(Stored data entries)
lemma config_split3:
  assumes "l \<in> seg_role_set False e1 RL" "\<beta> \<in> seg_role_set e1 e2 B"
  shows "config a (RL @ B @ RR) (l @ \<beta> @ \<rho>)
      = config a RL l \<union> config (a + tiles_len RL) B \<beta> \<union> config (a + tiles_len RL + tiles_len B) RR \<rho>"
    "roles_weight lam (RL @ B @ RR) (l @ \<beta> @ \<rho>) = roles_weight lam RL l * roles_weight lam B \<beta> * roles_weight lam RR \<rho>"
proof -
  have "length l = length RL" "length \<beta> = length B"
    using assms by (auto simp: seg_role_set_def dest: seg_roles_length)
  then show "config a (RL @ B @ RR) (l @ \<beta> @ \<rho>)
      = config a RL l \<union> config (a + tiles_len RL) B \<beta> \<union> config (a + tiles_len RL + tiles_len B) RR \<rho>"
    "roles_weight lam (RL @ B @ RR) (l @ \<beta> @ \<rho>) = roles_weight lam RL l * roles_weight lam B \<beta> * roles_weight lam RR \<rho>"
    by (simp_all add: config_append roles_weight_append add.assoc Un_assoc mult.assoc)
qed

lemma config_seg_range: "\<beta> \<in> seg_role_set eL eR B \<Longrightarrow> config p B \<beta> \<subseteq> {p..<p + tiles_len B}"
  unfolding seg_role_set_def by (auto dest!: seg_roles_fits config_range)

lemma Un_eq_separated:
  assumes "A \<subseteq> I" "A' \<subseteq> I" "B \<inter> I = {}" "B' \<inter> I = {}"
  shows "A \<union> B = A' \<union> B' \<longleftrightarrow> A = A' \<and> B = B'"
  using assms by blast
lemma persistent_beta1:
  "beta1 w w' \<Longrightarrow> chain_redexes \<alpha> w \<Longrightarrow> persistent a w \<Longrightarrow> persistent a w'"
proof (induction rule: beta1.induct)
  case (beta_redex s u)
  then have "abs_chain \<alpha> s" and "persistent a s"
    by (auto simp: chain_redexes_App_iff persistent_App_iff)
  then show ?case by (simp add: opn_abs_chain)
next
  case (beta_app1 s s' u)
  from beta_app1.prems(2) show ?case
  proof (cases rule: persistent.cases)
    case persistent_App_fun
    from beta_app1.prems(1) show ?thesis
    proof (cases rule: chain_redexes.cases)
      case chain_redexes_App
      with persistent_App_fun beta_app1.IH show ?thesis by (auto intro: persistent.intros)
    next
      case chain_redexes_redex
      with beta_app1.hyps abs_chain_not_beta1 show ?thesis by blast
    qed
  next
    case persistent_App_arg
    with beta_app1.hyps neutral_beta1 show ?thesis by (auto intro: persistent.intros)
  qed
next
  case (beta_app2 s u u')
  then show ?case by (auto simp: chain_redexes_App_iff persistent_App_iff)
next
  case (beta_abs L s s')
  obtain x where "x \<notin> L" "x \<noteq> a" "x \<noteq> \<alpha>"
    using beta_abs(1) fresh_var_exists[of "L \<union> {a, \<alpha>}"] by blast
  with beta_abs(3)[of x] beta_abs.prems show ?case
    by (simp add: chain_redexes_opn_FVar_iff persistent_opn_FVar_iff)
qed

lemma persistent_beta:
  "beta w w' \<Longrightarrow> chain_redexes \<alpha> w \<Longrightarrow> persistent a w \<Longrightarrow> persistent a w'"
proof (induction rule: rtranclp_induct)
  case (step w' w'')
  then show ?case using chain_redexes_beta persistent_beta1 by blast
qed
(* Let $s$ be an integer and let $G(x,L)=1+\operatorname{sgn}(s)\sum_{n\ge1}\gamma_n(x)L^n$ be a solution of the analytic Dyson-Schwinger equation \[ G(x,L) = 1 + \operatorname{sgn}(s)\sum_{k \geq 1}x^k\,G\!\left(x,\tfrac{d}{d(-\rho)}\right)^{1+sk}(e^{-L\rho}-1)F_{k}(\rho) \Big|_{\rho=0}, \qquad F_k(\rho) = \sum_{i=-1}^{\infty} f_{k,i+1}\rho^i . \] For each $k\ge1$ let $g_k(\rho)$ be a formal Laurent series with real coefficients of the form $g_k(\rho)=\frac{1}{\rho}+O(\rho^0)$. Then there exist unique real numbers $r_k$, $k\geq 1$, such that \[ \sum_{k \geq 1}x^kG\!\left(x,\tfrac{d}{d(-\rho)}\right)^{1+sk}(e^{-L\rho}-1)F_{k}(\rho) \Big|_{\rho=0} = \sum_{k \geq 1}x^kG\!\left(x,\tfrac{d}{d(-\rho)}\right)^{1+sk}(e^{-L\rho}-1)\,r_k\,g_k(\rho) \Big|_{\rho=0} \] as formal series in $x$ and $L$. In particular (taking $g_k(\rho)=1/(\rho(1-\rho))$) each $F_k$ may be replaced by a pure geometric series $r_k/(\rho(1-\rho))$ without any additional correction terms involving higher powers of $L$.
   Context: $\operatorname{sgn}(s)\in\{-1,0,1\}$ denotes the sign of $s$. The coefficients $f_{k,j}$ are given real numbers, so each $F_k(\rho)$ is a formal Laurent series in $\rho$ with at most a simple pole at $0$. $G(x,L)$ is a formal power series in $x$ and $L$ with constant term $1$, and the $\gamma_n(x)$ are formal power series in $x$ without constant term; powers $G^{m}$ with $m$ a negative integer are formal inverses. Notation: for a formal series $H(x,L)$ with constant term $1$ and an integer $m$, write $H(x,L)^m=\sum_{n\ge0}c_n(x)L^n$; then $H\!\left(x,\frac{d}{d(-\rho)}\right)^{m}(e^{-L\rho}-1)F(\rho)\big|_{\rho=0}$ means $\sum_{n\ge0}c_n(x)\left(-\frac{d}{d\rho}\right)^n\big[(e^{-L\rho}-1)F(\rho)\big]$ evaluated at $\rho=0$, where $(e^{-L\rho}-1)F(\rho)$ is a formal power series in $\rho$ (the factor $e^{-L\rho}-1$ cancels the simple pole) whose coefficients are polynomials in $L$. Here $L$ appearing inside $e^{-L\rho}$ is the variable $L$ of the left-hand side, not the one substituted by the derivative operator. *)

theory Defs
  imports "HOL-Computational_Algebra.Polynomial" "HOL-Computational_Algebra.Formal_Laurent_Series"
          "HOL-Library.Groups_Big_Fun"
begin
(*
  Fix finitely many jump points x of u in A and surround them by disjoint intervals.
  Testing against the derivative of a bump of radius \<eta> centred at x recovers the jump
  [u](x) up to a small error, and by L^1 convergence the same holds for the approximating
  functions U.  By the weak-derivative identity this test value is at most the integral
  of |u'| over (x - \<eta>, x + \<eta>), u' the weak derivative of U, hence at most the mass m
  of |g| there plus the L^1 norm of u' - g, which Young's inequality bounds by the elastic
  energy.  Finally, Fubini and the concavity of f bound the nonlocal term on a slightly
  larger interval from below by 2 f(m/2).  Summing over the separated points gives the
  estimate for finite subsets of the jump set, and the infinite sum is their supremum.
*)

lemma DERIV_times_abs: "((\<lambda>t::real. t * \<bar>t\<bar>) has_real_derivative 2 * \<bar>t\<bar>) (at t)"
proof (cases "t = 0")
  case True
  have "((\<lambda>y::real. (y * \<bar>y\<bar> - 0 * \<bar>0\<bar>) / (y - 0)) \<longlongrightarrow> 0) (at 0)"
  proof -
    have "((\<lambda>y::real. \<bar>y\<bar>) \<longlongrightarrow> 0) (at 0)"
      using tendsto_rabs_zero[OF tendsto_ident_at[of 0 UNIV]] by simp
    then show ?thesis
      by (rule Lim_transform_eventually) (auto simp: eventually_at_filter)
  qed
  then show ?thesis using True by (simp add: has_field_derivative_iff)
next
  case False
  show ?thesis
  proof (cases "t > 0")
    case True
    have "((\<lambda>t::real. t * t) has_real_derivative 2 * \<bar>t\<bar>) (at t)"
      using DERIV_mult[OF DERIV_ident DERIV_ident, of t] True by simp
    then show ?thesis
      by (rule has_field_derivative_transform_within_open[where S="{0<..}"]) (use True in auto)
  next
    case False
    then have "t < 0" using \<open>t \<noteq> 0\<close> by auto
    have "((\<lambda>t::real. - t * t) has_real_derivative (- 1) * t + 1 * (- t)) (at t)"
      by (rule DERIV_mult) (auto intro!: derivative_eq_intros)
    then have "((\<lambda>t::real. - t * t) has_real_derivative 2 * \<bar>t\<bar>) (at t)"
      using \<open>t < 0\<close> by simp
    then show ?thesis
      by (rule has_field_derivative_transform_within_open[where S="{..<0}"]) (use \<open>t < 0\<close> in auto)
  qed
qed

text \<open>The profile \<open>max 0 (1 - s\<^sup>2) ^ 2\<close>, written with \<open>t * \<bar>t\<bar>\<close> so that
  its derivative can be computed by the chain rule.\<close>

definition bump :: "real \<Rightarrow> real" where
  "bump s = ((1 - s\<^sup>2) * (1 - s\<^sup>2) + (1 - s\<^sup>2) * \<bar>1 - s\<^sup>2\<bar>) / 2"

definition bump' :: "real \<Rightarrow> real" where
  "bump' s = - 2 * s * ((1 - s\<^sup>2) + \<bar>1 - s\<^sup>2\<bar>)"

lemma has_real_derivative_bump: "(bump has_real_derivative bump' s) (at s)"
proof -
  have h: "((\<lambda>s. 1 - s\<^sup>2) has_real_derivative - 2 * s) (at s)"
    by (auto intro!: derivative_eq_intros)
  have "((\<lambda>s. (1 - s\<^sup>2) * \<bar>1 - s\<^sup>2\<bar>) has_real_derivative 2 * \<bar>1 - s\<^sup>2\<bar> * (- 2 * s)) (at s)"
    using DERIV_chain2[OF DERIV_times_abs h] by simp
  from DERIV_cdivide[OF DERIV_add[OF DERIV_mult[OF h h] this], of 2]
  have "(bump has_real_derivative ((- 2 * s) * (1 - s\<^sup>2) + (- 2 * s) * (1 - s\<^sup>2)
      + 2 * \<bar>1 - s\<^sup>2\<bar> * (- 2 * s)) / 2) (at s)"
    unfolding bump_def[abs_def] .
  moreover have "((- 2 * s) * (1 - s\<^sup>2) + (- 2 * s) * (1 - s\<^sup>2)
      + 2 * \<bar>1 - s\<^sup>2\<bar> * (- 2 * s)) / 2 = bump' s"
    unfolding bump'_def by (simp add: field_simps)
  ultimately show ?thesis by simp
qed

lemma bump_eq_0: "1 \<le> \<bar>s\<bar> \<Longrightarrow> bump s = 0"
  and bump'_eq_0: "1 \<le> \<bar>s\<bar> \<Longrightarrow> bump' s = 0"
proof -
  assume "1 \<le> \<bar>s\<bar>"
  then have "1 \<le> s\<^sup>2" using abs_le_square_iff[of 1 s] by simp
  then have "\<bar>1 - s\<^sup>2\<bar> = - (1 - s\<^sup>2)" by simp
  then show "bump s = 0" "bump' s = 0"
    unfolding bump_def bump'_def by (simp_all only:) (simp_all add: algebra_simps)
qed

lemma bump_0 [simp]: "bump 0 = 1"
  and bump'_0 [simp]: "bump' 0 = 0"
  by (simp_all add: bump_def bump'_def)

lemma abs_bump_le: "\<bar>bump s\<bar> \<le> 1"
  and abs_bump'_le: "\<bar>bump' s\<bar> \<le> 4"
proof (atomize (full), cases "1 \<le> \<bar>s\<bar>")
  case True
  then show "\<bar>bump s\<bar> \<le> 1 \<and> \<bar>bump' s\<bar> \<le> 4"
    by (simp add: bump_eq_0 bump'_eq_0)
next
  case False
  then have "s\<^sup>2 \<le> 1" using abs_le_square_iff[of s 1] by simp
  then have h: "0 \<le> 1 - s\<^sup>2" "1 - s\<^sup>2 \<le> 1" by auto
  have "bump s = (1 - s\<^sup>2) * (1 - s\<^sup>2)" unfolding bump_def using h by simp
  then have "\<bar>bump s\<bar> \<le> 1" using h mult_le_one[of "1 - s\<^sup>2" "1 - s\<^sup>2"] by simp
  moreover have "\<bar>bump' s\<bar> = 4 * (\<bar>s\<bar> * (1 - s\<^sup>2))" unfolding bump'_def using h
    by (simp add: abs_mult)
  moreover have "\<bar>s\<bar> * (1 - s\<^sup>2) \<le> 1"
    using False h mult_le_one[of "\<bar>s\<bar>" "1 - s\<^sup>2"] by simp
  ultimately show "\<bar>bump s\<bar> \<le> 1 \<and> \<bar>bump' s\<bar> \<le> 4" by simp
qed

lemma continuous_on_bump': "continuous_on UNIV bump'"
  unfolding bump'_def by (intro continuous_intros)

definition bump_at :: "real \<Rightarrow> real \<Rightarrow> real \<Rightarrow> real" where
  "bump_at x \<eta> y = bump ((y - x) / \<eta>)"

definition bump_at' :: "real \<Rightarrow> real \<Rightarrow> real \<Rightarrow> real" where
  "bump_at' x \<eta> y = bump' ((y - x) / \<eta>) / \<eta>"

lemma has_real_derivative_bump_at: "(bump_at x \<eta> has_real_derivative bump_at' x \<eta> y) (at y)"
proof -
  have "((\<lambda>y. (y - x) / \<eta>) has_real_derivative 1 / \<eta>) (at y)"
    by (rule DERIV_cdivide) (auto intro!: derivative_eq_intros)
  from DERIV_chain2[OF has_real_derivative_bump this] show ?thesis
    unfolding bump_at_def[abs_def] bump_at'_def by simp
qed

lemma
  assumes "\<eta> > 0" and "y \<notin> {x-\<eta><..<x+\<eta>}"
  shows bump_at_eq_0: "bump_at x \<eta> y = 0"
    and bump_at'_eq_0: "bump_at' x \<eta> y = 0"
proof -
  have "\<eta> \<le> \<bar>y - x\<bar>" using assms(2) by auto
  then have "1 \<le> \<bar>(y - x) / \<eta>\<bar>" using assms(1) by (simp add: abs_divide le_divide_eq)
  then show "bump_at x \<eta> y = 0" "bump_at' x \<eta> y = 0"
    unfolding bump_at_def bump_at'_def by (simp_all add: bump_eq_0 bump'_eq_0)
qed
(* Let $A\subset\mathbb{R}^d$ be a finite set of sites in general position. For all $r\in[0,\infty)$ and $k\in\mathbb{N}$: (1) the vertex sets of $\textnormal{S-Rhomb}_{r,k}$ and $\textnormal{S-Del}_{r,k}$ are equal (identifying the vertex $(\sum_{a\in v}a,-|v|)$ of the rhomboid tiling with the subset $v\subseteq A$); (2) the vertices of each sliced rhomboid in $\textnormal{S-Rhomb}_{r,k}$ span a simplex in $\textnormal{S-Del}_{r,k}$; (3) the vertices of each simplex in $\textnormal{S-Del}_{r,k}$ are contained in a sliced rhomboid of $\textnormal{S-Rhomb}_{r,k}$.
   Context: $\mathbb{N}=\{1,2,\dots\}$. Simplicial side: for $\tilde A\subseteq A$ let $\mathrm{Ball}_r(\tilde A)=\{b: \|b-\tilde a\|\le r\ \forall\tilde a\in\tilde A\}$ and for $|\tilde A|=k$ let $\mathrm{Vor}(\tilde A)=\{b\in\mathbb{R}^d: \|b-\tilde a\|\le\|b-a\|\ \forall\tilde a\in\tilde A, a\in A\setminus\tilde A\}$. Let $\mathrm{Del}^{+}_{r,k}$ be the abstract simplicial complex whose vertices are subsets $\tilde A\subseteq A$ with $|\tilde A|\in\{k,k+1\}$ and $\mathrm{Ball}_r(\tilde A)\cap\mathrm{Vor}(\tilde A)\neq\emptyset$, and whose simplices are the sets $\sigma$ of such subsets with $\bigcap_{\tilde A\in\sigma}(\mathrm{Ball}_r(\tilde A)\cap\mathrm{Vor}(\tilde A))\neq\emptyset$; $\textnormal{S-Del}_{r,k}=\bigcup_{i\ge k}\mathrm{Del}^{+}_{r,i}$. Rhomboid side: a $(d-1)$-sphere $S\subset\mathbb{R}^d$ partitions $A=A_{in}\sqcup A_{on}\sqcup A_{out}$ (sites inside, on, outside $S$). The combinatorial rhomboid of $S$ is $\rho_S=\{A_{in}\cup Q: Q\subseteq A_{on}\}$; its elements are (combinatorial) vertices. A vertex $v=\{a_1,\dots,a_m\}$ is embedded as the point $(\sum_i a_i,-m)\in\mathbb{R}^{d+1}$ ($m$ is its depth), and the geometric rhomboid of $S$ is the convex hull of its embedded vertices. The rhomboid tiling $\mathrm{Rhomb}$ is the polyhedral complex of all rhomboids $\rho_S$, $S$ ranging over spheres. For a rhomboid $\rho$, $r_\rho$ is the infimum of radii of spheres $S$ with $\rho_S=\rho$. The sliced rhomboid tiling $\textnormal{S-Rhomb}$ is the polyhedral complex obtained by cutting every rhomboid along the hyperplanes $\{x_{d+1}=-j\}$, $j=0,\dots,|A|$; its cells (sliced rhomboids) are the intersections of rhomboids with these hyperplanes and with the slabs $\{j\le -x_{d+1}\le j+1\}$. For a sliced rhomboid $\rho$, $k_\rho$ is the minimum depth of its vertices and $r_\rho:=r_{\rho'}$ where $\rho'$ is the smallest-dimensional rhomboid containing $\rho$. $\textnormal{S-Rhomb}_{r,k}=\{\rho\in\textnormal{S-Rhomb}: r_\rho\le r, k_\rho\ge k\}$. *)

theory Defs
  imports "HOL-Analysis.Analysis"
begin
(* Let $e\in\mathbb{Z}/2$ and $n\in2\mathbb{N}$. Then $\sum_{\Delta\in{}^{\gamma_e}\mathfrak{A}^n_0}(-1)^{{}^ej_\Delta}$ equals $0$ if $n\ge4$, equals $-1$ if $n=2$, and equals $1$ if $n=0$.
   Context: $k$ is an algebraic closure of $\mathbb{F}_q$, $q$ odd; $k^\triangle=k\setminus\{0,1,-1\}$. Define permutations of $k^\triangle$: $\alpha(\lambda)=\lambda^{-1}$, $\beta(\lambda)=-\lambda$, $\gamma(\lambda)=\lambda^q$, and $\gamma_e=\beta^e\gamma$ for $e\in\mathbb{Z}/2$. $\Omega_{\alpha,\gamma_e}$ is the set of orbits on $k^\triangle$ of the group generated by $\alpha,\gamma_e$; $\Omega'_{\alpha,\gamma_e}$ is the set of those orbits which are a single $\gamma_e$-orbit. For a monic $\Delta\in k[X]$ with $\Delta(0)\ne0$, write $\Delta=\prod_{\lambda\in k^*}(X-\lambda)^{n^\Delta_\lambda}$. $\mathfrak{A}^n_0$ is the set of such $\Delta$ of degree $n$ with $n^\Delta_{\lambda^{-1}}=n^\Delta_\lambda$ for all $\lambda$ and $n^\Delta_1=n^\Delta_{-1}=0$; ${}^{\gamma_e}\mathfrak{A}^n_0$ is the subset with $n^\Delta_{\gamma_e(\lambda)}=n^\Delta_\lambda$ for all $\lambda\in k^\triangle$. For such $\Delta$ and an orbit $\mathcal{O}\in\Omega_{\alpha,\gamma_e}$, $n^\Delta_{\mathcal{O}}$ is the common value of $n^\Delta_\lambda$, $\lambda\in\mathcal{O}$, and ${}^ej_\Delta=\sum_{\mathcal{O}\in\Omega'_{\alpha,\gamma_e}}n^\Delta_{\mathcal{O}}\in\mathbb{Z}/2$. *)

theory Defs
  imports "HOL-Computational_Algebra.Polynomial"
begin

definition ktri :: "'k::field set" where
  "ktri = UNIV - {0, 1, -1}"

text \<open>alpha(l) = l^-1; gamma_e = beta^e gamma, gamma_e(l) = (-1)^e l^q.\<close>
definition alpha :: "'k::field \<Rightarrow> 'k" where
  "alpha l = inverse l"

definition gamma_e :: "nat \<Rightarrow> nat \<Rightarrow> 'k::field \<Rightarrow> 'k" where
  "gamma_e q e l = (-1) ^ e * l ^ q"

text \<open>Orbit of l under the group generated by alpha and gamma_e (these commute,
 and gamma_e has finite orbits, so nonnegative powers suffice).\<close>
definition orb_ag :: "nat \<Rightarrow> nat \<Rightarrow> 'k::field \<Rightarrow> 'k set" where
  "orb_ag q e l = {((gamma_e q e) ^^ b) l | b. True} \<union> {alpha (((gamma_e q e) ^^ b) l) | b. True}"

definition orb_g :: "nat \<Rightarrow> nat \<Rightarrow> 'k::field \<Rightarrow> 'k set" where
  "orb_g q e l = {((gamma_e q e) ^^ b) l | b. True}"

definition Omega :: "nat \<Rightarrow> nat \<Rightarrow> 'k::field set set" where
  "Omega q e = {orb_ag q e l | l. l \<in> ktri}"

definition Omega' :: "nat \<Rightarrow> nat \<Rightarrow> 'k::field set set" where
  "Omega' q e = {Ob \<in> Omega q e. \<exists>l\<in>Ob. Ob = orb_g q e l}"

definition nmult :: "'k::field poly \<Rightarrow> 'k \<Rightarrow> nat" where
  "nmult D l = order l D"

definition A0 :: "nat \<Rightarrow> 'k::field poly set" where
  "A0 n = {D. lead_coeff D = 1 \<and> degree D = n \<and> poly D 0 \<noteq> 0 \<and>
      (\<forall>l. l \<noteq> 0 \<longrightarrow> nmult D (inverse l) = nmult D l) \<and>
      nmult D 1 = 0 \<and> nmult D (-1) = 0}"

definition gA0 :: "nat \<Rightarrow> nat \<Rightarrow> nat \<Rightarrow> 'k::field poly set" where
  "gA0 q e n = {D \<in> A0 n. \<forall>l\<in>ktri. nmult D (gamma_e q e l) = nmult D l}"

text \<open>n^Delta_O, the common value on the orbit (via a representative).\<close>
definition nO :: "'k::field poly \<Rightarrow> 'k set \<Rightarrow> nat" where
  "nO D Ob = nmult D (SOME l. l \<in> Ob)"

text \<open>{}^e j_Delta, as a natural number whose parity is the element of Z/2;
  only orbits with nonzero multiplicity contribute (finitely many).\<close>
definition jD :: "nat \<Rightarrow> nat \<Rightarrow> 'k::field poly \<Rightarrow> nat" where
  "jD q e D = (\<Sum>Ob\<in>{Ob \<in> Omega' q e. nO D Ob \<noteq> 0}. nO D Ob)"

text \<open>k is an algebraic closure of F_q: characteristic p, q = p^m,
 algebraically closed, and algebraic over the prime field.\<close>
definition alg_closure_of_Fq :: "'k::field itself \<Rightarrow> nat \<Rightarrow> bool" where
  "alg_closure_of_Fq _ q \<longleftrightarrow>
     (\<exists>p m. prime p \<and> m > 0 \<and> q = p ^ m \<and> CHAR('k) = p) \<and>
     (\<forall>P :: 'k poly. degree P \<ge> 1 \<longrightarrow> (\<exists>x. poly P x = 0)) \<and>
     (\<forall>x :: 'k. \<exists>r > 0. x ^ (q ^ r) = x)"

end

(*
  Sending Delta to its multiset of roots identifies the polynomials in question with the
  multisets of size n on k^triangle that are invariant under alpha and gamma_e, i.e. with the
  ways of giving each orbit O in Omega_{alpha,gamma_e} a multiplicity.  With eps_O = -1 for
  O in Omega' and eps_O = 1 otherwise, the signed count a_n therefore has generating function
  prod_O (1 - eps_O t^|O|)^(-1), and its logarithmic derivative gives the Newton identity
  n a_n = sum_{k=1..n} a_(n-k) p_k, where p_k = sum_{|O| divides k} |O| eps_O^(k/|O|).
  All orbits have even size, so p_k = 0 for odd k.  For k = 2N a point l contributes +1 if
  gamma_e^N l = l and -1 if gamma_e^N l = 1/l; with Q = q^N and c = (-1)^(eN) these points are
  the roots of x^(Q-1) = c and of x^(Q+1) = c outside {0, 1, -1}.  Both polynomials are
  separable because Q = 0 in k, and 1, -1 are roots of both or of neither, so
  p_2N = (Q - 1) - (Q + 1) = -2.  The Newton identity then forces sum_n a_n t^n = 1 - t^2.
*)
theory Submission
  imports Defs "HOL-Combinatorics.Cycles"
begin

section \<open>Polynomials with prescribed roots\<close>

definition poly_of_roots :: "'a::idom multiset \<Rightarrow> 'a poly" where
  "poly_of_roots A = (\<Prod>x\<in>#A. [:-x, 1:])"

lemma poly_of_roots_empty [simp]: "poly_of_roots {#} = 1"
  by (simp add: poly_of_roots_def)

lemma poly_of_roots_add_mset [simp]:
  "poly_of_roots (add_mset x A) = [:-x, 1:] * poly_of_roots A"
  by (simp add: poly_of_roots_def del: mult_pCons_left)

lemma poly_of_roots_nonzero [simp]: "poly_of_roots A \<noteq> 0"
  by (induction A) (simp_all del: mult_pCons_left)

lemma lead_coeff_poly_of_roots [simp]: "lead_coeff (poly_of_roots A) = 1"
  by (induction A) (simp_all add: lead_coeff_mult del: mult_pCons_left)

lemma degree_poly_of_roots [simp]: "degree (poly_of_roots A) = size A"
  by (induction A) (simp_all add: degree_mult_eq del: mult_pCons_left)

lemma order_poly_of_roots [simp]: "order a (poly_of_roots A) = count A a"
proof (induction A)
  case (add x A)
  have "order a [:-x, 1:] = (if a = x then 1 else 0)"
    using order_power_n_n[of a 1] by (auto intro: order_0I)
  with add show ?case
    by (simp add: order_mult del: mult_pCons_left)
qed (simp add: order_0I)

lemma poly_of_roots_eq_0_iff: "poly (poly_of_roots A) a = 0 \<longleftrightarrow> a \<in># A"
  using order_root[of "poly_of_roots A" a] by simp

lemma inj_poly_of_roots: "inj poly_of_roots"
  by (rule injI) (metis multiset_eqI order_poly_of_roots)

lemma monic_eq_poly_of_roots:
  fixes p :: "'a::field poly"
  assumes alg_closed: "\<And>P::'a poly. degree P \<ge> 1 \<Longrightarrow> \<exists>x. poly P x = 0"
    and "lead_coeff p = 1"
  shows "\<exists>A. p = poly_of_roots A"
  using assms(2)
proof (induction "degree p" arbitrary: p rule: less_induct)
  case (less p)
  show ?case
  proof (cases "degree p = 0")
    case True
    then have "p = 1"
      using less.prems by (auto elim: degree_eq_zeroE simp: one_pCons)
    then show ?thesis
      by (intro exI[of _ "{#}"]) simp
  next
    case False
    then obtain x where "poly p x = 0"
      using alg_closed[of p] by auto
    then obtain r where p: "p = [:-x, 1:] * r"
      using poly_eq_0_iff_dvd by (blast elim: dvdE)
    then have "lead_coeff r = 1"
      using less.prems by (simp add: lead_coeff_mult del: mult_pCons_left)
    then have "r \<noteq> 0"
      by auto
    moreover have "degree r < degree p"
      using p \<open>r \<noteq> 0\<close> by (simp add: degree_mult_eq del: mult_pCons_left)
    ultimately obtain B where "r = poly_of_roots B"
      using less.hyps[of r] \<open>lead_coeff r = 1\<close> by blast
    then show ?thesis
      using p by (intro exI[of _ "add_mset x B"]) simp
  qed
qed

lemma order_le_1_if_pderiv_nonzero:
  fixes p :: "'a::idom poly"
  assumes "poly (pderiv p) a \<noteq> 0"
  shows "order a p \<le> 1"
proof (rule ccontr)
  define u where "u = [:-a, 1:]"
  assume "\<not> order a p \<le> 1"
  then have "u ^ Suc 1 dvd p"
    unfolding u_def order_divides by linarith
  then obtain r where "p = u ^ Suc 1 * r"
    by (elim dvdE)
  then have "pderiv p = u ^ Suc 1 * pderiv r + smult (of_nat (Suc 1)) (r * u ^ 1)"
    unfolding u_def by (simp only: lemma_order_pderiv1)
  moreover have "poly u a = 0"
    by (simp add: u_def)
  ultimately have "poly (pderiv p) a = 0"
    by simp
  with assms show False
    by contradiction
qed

YOUR TASK
Wherever the string "True" is found in the entries, copy the line it sits in.

RESPONSE TO THE TASK
  case True
  then show ?thesis using True by (simp add: has_field_derivative_iff)
    case True
      using DERIV_mult[OF DERIV_ident DERIV_ident, of t] True by simp
      by (rule has_field_derivative_transform_within_open[where S="{0<..}"]) (use True in auto)
  case True
  "orb_ag q e l = {((gamma_e q e) ^^ b) l | b. True} \<union> {alpha (((gamma_e q e) ^^ b) l) | b. True}"
  "orb_g q e l = {((gamma_e q e) ^^ b) l | b. True}"
    case True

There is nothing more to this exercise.